(* Let $G=(V,E)$ be a finite simple graph. Consider the procedure: set $\mathcal{F}\leftarrow\emptyset$; while $\mathrm{MFF}(G,\mathcal{F})$ is feasible, choose an optimal solution $x$ of $\mathrm{MFF}(G,\mathcal{F})$ and replace $\mathcal{F}$ by $\mathcal{F}\cup\{\{v\in V\colon x_v=1\}\}$; finally return $\mathcal{F}$. Then the returned collection $\mathcal{F}$ is the collection of all minimal forts of $G$.
   Context: $N(u)$ denotes the neighborhood of $u$. A fort of $G$ is a non-empty set $F\subseteq V$ such that no vertex $u\in V\setminus F$ has exactly one neighbor in $F$; it is minimal if no fort of $G$ is a proper subset of it. For a collection $\mathcal{F}$ of subsets of $V$, $\mathrm{MFF}(G,\mathcal{F})$ is the integer program: minimize $\sum_{v\in V}x_v$ subject to $\sum_{v\in V}x_v\geq1$; $x_u-x_v+\sum_{w\in N(u)\setminus\{v\}}x_w\geq0$ for all $v\in V$ and $u\in N(v)$; $\sum_{v\in F}x_v\leq|F|-1$ for all $F\in\mathcal{F}$; $x\in\{0,1\}^V$. *)

theory Defs
  imports Main
begin

definition simple_graph :: "'a set \<Rightarrow> ('a \<Rightarrow> 'a \<Rightarrow> bool) \<Rightarrow> bool" where
  "simple_graph V E \<longleftrightarrow> finite V \<and> (\<forall>u v. E u v \<longrightarrow> u \<in> V \<and> v \<in> V)
     \<and> (\<forall>u v. E u v \<longrightarrow> E v u) \<and> (\<forall>u. \<not> E u u)"

definition nbhd :: "'a set \<Rightarrow> ('a \<Rightarrow> 'a \<Rightarrow> bool) \<Rightarrow> 'a \<Rightarrow> 'a set" where
  "nbhd V E u = {w \<in> V. E u w}"

definition is_fort :: "'a set \<Rightarrow> ('a \<Rightarrow> 'a \<Rightarrow> bool) \<Rightarrow> 'a set \<Rightarrow> bool" where
  "is_fort V E F \<longleftrightarrow> F \<noteq> {} \<and> F \<subseteq> V \<and>
     (\<forall>u \<in> V - F. card (nbhd V E u \<inter> F) \<noteq> 1)"

definition is_minimal_fort :: "'a set \<Rightarrow> ('a \<Rightarrow> 'a \<Rightarrow> bool) \<Rightarrow> 'a set \<Rightarrow> bool" where
  "is_minimal_fort V E F \<longleftrightarrow> is_fort V E F \<and> (\<forall>F'. F' \<subset> F \<longrightarrow> \<not> is_fort V E F')"

text \<open>Feasible points of MFF(G, FF): 0/1 vectors indexed by V (values outside V are irrelevant).\<close>
definition mff_feasible :: "'a set \<Rightarrow> ('a \<Rightarrow> 'a \<Rightarrow> bool) \<Rightarrow> 'a set set \<Rightarrow> ('a \<Rightarrow> int) \<Rightarrow> bool" where
  "mff_feasible V E FF x \<longleftrightarrow>
     (\<forall>v \<in> V. x v \<in> {0, 1}) \<and>
     (\<Sum>v\<in>V. x v) \<ge> 1 \<and>
     (\<forall>v \<in> V. \<forall>u \<in> nbhd V E v. x u - x v + (\<Sum>w \<in> nbhd V E u - {v}. x w) \<ge> 0) \<and>
     (\<forall>F \<in> FF. (\<Sum>v\<in>F. x v) \<le> int (card F) - 1)"

definition mff_is_feasible :: "'a set \<Rightarrow> ('a \<Rightarrow> 'a \<Rightarrow> bool) \<Rightarrow> 'a set set \<Rightarrow> bool" where
  "mff_is_feasible V E FF \<longleftrightarrow> (\<exists>x. mff_feasible V E FF x)"

definition mff_optimal :: "'a set \<Rightarrow> ('a \<Rightarrow> 'a \<Rightarrow> bool) \<Rightarrow> 'a set set \<Rightarrow> ('a \<Rightarrow> int) \<Rightarrow> bool" where
  "mff_optimal V E FF x \<longleftrightarrow> mff_feasible V E FF x \<and>
     (\<forall>y. mff_feasible V E FF y \<longrightarrow> (\<Sum>v\<in>V. x v) \<le> (\<Sum>v\<in>V. y v))"

definition mff_step :: "'a set \<Rightarrow> ('a \<Rightarrow> 'a \<Rightarrow> bool) \<Rightarrow> 'a set set \<Rightarrow> 'a set set \<Rightarrow> bool" where
  "mff_step V E FF FF' \<longleftrightarrow> mff_is_feasible V E FF \<and>
     (\<exists>x. mff_optimal V E FF x \<and> FF' = insert {v \<in> V. x v = 1} FF)"

end

theory Submission
  imports Defs "HOL-Library.Indicator_Function"
begin

text \<open>The feasible points of MFF(G, FF) are exactly the indicator vectors of forts that contain
  no member of FF, and the objective is the size of the fort. Hence an optimal solution picks a
  smallest fort avoiding FF, which is a minimal fort: a smaller fort inside it would avoid FF as
  well. Each iteration therefore adds a new minimal fort, so the loop stops after at most as many
  iterations as there are minimal forts. When it stops, every minimal fort lies in FF, since
  otherwise its indicator would be feasible, distinct minimal forts being incomparable.\<close>

lemma no_infinite_psubset_chain:
  assumes "finite M" and "\<forall>n. f n \<subseteq> M"
  shows "\<not> (\<forall>n. f n \<subset> f (Suc n))"
proof
  assume chain: "\<forall>n. f n \<subset> f (Suc n)"
  let ?r = "{(B, A). A \<subset> B \<and> B \<subseteq> M}"
  have "wf ?r"
    by (rule wf_bounded_set[of _ "\<lambda>_. M" id]) (auto simp: assms(1))
  moreover have "\<forall>i. (f (Suc i), f i) \<in> ?r"
    using chain assms(2) by simp
  ultimately show False
    unfolding wf_iff_no_infinite_down_chain by blast
qed

lemma sum_indicator_eq_of_nat_card:
  "finite A \<Longrightarrow> (\<Sum>v\<in>A. indicator S v) = (of_nat (card (A \<inter> S)) :: 'b::semiring_1)"
  by (simp add: indicator_def)

lemma finite_minimal_forts:
  assumes "simple_graph V E"
  shows "finite {F. is_minimal_fort V E F}"
proof (rule finite_subset)
  show "{F. is_minimal_fort V E F} \<subseteq> Pow V"
    by (auto simp: is_minimal_fort_def is_fort_def)
  show "finite (Pow V)"
    using assms by (simp add: simple_graph_def)
qed

lemma fort_finite:
  "simple_graph V E \<Longrightarrow> is_fort V E F \<Longrightarrow> finite F"
  by (meson finite_subset is_fort_def simple_graph_def)

lemma minimal_fort_subset_eq:
  "is_minimal_fort V E F \<Longrightarrow> is_minimal_fort V E M \<Longrightarrow> F \<subseteq> M \<Longrightarrow> F = M"
  by (auto simp: is_minimal_fort_def)

text \<open>An infinite member would have cardinality 0, making its constraint read 0 \<le> -1.\<close>

lemma mff_feasible_member_finite:
  assumes "mff_feasible V E FF x" and "F \<in> FF"
  shows "finite F"
proof (rule ccontr)
  assume "infinite F"
  then show False
    using assms by (auto simp: mff_feasible_def)
qed

lemma mff_feasible_objective:
  assumes "finite V" and "mff_feasible V E FF x"
  shows "(\<Sum>v\<in>V. x v) = int (card {v\<in>V. x v = 1})"
proof -
  have "(\<Sum>v\<in>V. x v) = (\<Sum>v\<in>V. of_bool (x v = 1))"
    using assms(2) by (intro sum.cong) (auto simp: mff_feasible_def)
  then show ?thesis
    using assms(1) by (simp add: Collect_conj_eq Int_commute)
qed

lemma mff_feasible_support_not_superset:
  assumes "mff_feasible V E FF x" and "F \<in> FF"
  shows "\<not> F \<subseteq> {v\<in>V. x v = 1}"
proof
  assume "F \<subseteq> {v\<in>V. x v = 1}"
  then have "(\<Sum>v\<in>F. x v) = int (card F)"
    by (simp add: subset_iff)
  then show False
    using assms by (auto simp: mff_feasible_def)
qed

lemma mff_feasible_support_fort:
  assumes g: "simple_graph V E" and x: "mff_feasible V E FF x"
  shows "is_fort V E {v\<in>V. x v = 1}"
proof -
  let ?S = "{v\<in>V. x v = 1}"
  have x01: "\<forall>v\<in>V. x v \<in> {0, 1}"
    using x by (simp add: mff_feasible_def)
  have "?S \<noteq> {}"
  proof
    assume "?S = {}"
    then have "(\<Sum>v\<in>V. x v) = 0"
      using x01 by (intro sum.neutral) auto
    then show False
      using x by (simp add: mff_feasible_def)
  qed
  moreover have "card (nbhd V E u \<inter> ?S) \<noteq> 1" if u: "u \<in> V - ?S" for u
  proof
    assume "card (nbhd V E u \<inter> ?S) = 1"
    then obtain v where v: "nbhd V E u \<inter> ?S = {v}"
      by (auto simp: card_Suc_eq)
    then have "v \<in> V" "x v = 1" "E u v"
      by (auto simp: nbhd_def)
    then have "u \<in> nbhd V E v"
      using u g by (auto simp: nbhd_def simple_graph_def)
    with x \<open>v \<in> V\<close> have "x u - x v + (\<Sum>w \<in> nbhd V E u - {v}. x w) \<ge> 0"
      by (simp add: mff_feasible_def)
    moreover have "(\<Sum>w \<in> nbhd V E u - {v}. x w) = 0"
      using v x01 by (intro sum.neutral) (auto simp: nbhd_def)
    moreover have "x u = 0"
      using u x01 by auto
    ultimately show False
      using \<open>x v = 1\<close> by simp
  qed
  ultimately show ?thesis
    by (auto simp: is_fort_def)
qed

lemma mff_feasible_indicator_fort:
  assumes g: "simple_graph V E" and S: "is_fort V E S"
    and FF: "\<forall>F\<in>FF. finite F \<and> \<not> F \<subseteq> S"
  shows "mff_feasible V E FF (indicator S)"
proof -
  have fin: "finite V"
    using g by (simp add: simple_graph_def)
  have "S \<subseteq> V" and "S \<noteq> {}"
    using S by (auto simp: is_fort_def)
  then have "(\<Sum>v\<in>V. indicator S v :: int) \<ge> 1"
    using fin by (simp add: sum_indicator_eq_of_nat_card Int_absorb1 Suc_le_eq card_gt_0_iff
        finite_subset)
  moreover have "indicator S u - indicator S v + (\<Sum>w \<in> nbhd V E u - {v}. indicator S w) \<ge> (0::int)"
    if v: "v \<in> V" and u: "u \<in> nbhd V E v" for u v
  proof (cases "u \<notin> S \<and> v \<in> S")
    case False
    have "0 \<le> (\<Sum>w \<in> nbhd V E u - {v}. indicator S w :: int)"
      by (rule sum_nonneg) simp
    with False show ?thesis
      by (cases "u \<in> S"; cases "v \<in> S") simp_all
  next
    case True
    have "u \<in> V" "v \<in> nbhd V E u"
      using u v g by (auto simp: nbhd_def simple_graph_def)
    moreover have "card (nbhd V E u \<inter> S) \<noteq> 1"
      using S True \<open>u \<in> V\<close> by (simp add: is_fort_def)
    ultimately obtain w where w: "w \<in> nbhd V E u - {v}" "w \<in> S"
      using True by (cases "nbhd V E u \<inter> S = {v}") auto
    have "indicator S w \<le> (\<Sum>w \<in> nbhd V E u - {v}. indicator S w :: int)"
      using w fin by (intro member_le_sum) (auto simp: nbhd_def)
    then show ?thesis
      using True w by simp
  qed
  moreover have "(\<Sum>v\<in>F. indicator S v) \<le> int (card F) - 1" if "F \<in> FF" for F
  proof -
    have "finite F" "F \<inter> S \<subset> F"
      using FF that by auto
    then show ?thesis
      by (simp add: sum_indicator_eq_of_nat_card psubset_card_mono)
  qed
  ultimately show ?thesis
    by (simp add: mff_feasible_def indicator_def)
qed

lemma mff_optimal_support_minimal_fort:
  assumes g: "simple_graph V E" and x: "mff_optimal V E FF x"
  shows "is_minimal_fort V E {v\<in>V. x v = 1}"
  unfolding is_minimal_fort_def
proof (intro conjI allI impI notI)
  let ?S = "{v\<in>V. x v = 1}"
  have fin: "finite V"
    using g by (simp add: simple_graph_def)
  have feas: "mff_feasible V E FF x"
    using x by (simp add: mff_optimal_def)
  then show "is_fort V E ?S"
    by (rule mff_feasible_support_fort[OF g])
  fix S assume "S \<subset> ?S" and "is_fort V E S"
  moreover have "\<forall>F\<in>FF. finite F \<and> \<not> F \<subseteq> S"
    using \<open>S \<subset> ?S\<close> mff_feasible_member_finite[OF feas]
      mff_feasible_support_not_superset[OF feas] by blast
  ultimately have "mff_feasible V E FF (indicator S)"
    using mff_feasible_indicator_fort[OF g] by blast
  then have "int (card ?S) \<le> (\<Sum>v\<in>V. indicator S v)"
    using x mff_feasible_objective[OF fin feas] by (simp add: mff_optimal_def)
  also have "\<dots> = int (card S)"
    using \<open>is_fort V E S\<close> fin by (simp add: is_fort_def sum_indicator_eq_of_nat_card Int_absorb1)
  also have "\<dots> < int (card ?S)"
    using \<open>S \<subset> ?S\<close> fin psubset_card_mono[of ?S S] by simp
  finally show False
    by simp
qed

lemma mff_step_adds_minimal_fort:
  assumes g: "simple_graph V E"
    and FF: "FF \<subseteq> {F. is_minimal_fort V E F}" and step: "mff_step V E FF FF'"
  shows "FF' \<subseteq> {F. is_minimal_fort V E F} \<and> FF \<subset> FF'"
proof -
  obtain x where x: "mff_optimal V E FF x" and FF': "FF' = insert {v\<in>V. x v = 1} FF"
    using step by (auto simp: mff_step_def)
  have "{v\<in>V. x v = 1} \<notin> FF"
    using x mff_feasible_support_not_superset by (fastforce simp: mff_optimal_def)
  then show ?thesis
    using FF FF' mff_optimal_support_minimal_fort[OF g x] by auto
qed

lemma minimal_forts_subset_if_mff_infeasible:
  assumes g: "simple_graph V E"
    and FF: "FF \<subseteq> {F. is_minimal_fort V E F}" and infeasible: "\<not> mff_is_feasible V E FF"
  shows "{F. is_minimal_fort V E F} \<subseteq> FF"
proof
  fix M assume "M \<in> {F. is_minimal_fort V E F}"
  then have M: "is_minimal_fort V E M"
    by simp
  show "M \<in> FF"
  proof (rule ccontr)
    assume "M \<notin> FF"
    have "finite F \<and> \<not> F \<subseteq> M" if "F \<in> FF" for F
    proof
      have F: "is_minimal_fort V E F"
        using FF that by auto
      then show "finite F"
        using fort_finite[OF g] by (simp add: is_minimal_fort_def)
      show "\<not> F \<subseteq> M"
        using minimal_fort_subset_eq[OF F M] \<open>M \<notin> FF\<close> that by blast
    qed
    then have "mff_feasible V E FF (indicator M)"
      using mff_feasible_indicator_fort[OF g] M by (simp add: is_minimal_fort_def)
    then show False
      using infeasible by (auto simp: mff_is_feasible_def)
  qed
qed

theorem corollary6p3:
  fixes V :: "'a set" and E :: "'a \<Rightarrow> 'a \<Rightarrow> bool"
  assumes "simple_graph V E"
  shows "\<not> (\<exists>f :: nat \<Rightarrow> 'a set set. f 0 = {} \<and> (\<forall>n. mff_step V E (f n) (f (Suc n))))
         \<and> (\<forall>FF. (mff_step V E)\<^sup>*\<^sup>* {} FF \<and> \<not> mff_is_feasible V E FF \<longrightarrow>
              FF = {F. is_minimal_fort V E F})"
proof (intro conjI allI impI notI)
  let ?M = "{F. is_minimal_fort V E F}"
  note step = mff_step_adds_minimal_fort[OF assms]
  assume "\<exists>f :: nat \<Rightarrow> 'a set set. f 0 = {} \<and> (\<forall>n. mff_step V E (f n) (f (Suc n)))"
  then obtain f :: "nat \<Rightarrow> 'a set set"
    where "f 0 = {}" and f_step: "\<forall>n. mff_step V E (f n) (f (Suc n))"
    by blast
  then have f_sub: "f n \<subseteq> ?M" for n
    by (induction n) (use step in blast)+
  then have "\<forall>n. f n \<subset> f (Suc n)"
    using step f_step by blast
  then show False
    using no_infinite_psubset_chain[OF finite_minimal_forts[OF assms]] f_sub by blast
next
  fix FF
  assume FF: "(mff_step V E)\<^sup>*\<^sup>* {} FF \<and> \<not> mff_is_feasible V E FF"
  then have "(mff_step V E)\<^sup>*\<^sup>* {} FF"
    by blast
  then have "FF \<subseteq> {F. is_minimal_fort V E F}"
    by (induction rule: rtranclp_induct) (use mff_step_adds_minimal_fort[OF assms] in auto)
  then show "FF = {F. is_minimal_fort V E F}"
    using minimal_forts_subset_if_mff_infeasible[OF assms] FF by blast
qed

end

********

→ **The task**
For this exercise, find all lines in the records containing the word "points" and copy them.

→ **Output of the exercise**
text \<open>Feasible points of MFF(G, FF): 0/1 vectors indexed by V (values outside V are irrelevant).\<close>
text \<open>The feasible points of MFF(G, FF) are exactly the indicator vectors of forts that contain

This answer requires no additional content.